The immune system must maintain a delicate balance between the positive signals that activate lymphocytes and the negative signals that dampen inappropriate immune responses. If this balance is upset, the immune system either does not respond to pathogens or responds inappropriately, resulting in autoimmune disease. Antigens, cytokines, and death-inducing members of the tumor necrosis factor (TNF) family (1, 2) all contribute to homeostatic regulation of the immune system. Several recent reports, including one by Lu and Lemke (3) on page 306 of this issue, now implicate the Tyro-3 family of receptor tyrosine kinases as important players in immune regulation. The Tyro-3 family (Tyro-3, Axl, and Mer) may fine-tune the immune response by modulating the activity of macrophages and other antigen-presenting cells (APCs) that present antigen to T and B lymphocytes (3–5).

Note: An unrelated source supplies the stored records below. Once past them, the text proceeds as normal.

(* Let $p$ be an odd prime and $1\le\ell\le p-1$ with Legendre symbol $\left(\frac{8\ell+1}{p}\right)=-1$. Then for all $n\ge0$, $$b\big(4(pn+\ell)\big)\equiv 0\pmod 8.$$ Furthermore, for every odd prime $p$ and all $n,k\ge0$, $$b(4n)\equiv b\!\left(4p^{2k+2}n+\frac{p^{2k+2}-1}{2}\right)\pmod 8.$$
   Context: The mock theta function $\mathcal{B}(q)=\sum_{n\ge0}\frac{q^n(-q;q^2)_n}{(q;q^2)_{n+1}}=\sum_{n\ge0}b(n)q^n$, where $(a;q)_n=\prod_{j=0}^{n-1}(1-aq^j)$. *)

theory Defs
  imports "HOL-Computational_Algebra.Formal_Power_Series" "HOL-Number_Theory.Number_Theory"
begin

definition qpoch :: "int fps \<Rightarrow> int fps \<Rightarrow> nat \<Rightarrow> int fps" where
  "qpoch a q n = (\<Prod>j<n. 1 - a * q ^ j)"

text \<open>n-th summand q^n (-q;q^2)_n / (q;q^2)_(n+1); the denominator has constant
  coefficient 1, so its inverse in int fps is the right inverse with constant term 1.\<close>
definition Bterm :: "nat \<Rightarrow> int fps" where
  "Bterm n = fps_X ^ n * qpoch (- fps_X) (fps_X ^ 2) n
             * fps_right_inverse (qpoch fps_X (fps_X ^ 2) (Suc n)) 1"

text \<open>b(m) = coefficient of q^m in B(q); summands with n > m have order > m.\<close>
definition b :: "nat \<Rightarrow> int" where
  "b m = (\<Sum>n\<le>m. fps_nth (Bterm n) m)"

end

theory Submission
  imports Defs "HOL-Computational_Algebra.Nth_Powers"
begin

(* Write B = G_0 with G_m(q) = \<Sum>n q^n (-q;q^2)_n / (q^(2m+1);q^2)_(n+1). Then
   (1 + q^(2m+2)) G_(m+1) - (1 - q^(4m+2)) G_m = -q^(2m+1), so the even parts satisfy a
   two-term recursion; letting m grow and using Euler's and Gauss's product formulas gives
     even part of B = (q^4;q^4)_\<infinity> / (q^2;q^4)_\<infinity>^4
                    = psi(q^2) (-q^2;q^4)_\<infinity>^2 / (q^2;q^4)_\<infinity>^2,
   where psi(q) = \<Sum>n q^(n(n+1)) = (q^4;q^4)_\<infinity> / (q^2;q^4)_\<infinity>.
   The substitution q \<mapsto> iq swaps (q^2;q^4) and (-q^2;q^4), whose coefficients agree mod 2;
   adding the two identities gives 2 b(4n) \<equiv> 2 [q^(4n)] psi(q^2) (mod 16), that is
   b(4n) \<equiv> [8n+1 is a square] (mod 8). Both congruences follow: 8(pn+l)+1 \<equiv> 8l+1 is a
   non-residue mod p, and 8N+1 = p^(2k+2) (8n+1) for the index 4N of the second one.
   Infinite products are handled through truncations modulo q^M. *)

unbundle fps_syntax

abbreviation X :: "int fps" where "X \<equiv> fps_X"

section \<open>Truncated equality and inverses of power series\<close>

definition trunc_eq :: "nat \<Rightarrow> int fps \<Rightarrow> int fps \<Rightarrow> bool" where
  "trunc_eq M f g \<longleftrightarrow> (\<forall>k<M. f $ k = g $ k)"

lemma trunc_eq_refl [simp]: "trunc_eq M f f"
  by (simp add: trunc_eq_def)

lemma trunc_eq_sym: "trunc_eq M f g \<Longrightarrow> trunc_eq M g f"
  by (simp add: trunc_eq_def)

lemma trunc_eq_trans [trans]: "trunc_eq M f g \<Longrightarrow> trunc_eq M g h \<Longrightarrow> trunc_eq M f h"
  by (simp add: trunc_eq_def)

lemma trunc_eq_mono: "trunc_eq M f g \<Longrightarrow> M' \<le> M \<Longrightarrow> trunc_eq M' f g"
  by (simp add: trunc_eq_def)

lemma trunc_eq_iff_diff: "trunc_eq M f g \<longleftrightarrow> trunc_eq M (f - g) 0"
  by (simp add: trunc_eq_def)

lemma trunc_eq_add: "trunc_eq M f f' \<Longrightarrow> trunc_eq M g g' \<Longrightarrow> trunc_eq M (f + g) (f' + g')"
  by (simp add: trunc_eq_def)

lemma trunc_eq_diff: "trunc_eq M f f' \<Longrightarrow> trunc_eq M g g' \<Longrightarrow> trunc_eq M (f - g) (f' - g')"
  by (simp add: trunc_eq_def)

lemma trunc_eq_uminus: "trunc_eq M f f' \<Longrightarrow> trunc_eq M (- f) (- f')"
  by (simp add: trunc_eq_def)

lemma trunc_eq_mult: "trunc_eq M f f' \<Longrightarrow> trunc_eq M g g' \<Longrightarrow> trunc_eq M (f * g) (f' * g')"
  unfolding trunc_eq_def fps_mult_nth by (auto intro!: sum.cong)

lemma trunc_eq_mult_left: "trunc_eq M g g' \<Longrightarrow> trunc_eq M (f * g) (f * g')"
  by (rule trunc_eq_mult) auto

lemma trunc_eq_mult_right: "trunc_eq M f f' \<Longrightarrow> trunc_eq M (f * g) (f' * g)"
  by (rule trunc_eq_mult) auto

lemma trunc_eq_power: "trunc_eq M f g \<Longrightarrow> trunc_eq M (f ^ n) (g ^ n)"
  by (induction n) (auto intro: trunc_eq_mult)
lemma group_sdp:
  assumes p: "0 < p" and e: "(e * e) mod p = 1 mod p"
  shows "group (grp (sdp_carrier p) (sdp_mult p e))"
proof (rule group_grpI[where u = "(0, 0)"])
  show "(0, 0) \<in> sdp_carrier p"
    using p by (simp add: sdp_carrier_def)
  fix x assume x: "x \<in> sdp_carrier p"
  then obtain i j where ij: "x = (i, j)" "i < p" "j = 0 \<or> j = 1"
    by (cases x) (auto simp: sdp_carrier_def)
  show "sdp_mult p e (0, 0) x = x \<and> sdp_mult p e x (0, 0) = x"
    using ij by auto
  define t where "t = (if j = 0 then i else e * i)"
  have "((p - t mod p) mod p + t) mod p = (p - t mod p + t mod p) mod p"
    by (simp add: mod_add_left_eq mod_add_right_eq)
  also have "\<dots> = 0"
    using p by simp
  finally have "sdp_mult p e ((p - t mod p) mod p, j) x = (0, 0)"
    using ij by (auto simp: t_def)
  moreover have "((p - t mod p) mod p, j) \<in> sdp_carrier p"
    using ij p by (simp add: sdp_carrier_def)
  ultimately show "\<exists>y\<in>sdp_carrier p. sdp_mult p e y x = (0, 0)"
    by blast
qed (use p sdp_mult_closed sdp_mult_assoc[OF e] in blast)+

lemma op_dist_commute: "op_dist G f g = op_dist G g f"
  unfolding op_dist_def by (simp add: eq_commute)

lemma op_dist_gt_0I:
  assumes "finite G" "a \<in> G" "b \<in> G" "f a b \<noteq> g a b"
  shows "0 < op_dist G f g"
  unfolding op_dist_def using assms
  by (intro card_gt_0_iff[THEN iffD2]) (auto intro: finite_subset[of _ "G \<times> G"])

definition noncommuting_pairs :: "'a set \<Rightarrow> ('a \<Rightarrow> 'a \<Rightarrow> 'a) \<Rightarrow> ('a \<times> 'a) set" where
  "noncommuting_pairs G f = {(x, y). x \<in> G \<and> y \<in> G \<and> f x y \<noteq> f y x}"

lemma card_noncommuting_pairs_le:
  assumes "finite G"
  shows "card (noncommuting_pairs G g) \<le> card (noncommuting_pairs G f) + 2 * op_dist G f g"
proof -
  define D where "D = {(x, y). x \<in> G \<and> y \<in> G \<and> f x y \<noteq> g x y}"
  have "finite (noncommuting_pairs G f)" "finite D"
    using assms by (auto intro: finite_subset[of _ "G \<times> G"] simp: noncommuting_pairs_def D_def)
  moreover have "noncommuting_pairs G g \<subseteq> noncommuting_pairs G f \<union> D \<union> prod.swap ` D"
    by (auto simp: noncommuting_pairs_def D_def image_iff)
  ultimately have "card (noncommuting_pairs G g) \<le> card (noncommuting_pairs G f \<union> D \<union> prod.swap ` D)"
    by (intro card_mono) auto
  also have "\<dots> \<le> card (noncommuting_pairs G f) + card D + card (prod.swap ` D)"
    by (meson add_le_mono card_Un_le order_trans order_refl)
  also have "\<dots> \<le> card (noncommuting_pairs G f) + 2 * card D"
    using card_image_le[OF \<open>finite D\<close>, of prod.swap] by simp
  finally show ?thesis
    by (simp add: op_dist_def D_def)
qed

The Tyro-3 receptor tyrosine kinases have an extracellular region composed of two immunoglobulin-like domains and two fibronectin-like domains, and an intracellular kinase domain that contains a distinctive Lys-Trp-Ile-Ala-Ile-Glu-Ser motif [reviewed in (6)]. These receptors are overexpressed by many tumors and can transform (immortalize) cultured cells in vitro, suggesting that they provide positive growth-promoting signals to cells. They activate Src family kinases and signaling pathways downstream of Grb2 (an adapter protein in the Ras pathway), promoting cell proliferation and protecting against programmed cell death (apoptosis). The ligands for these receptors, protein S (an anticoagulant) and Gas6, are expressed by many cell types and share similarities with sex hormone-binding globulin. Although the Tyro-3 receptors and their ligands have been well characterized, the signaling pathways that they activate are poorly understood.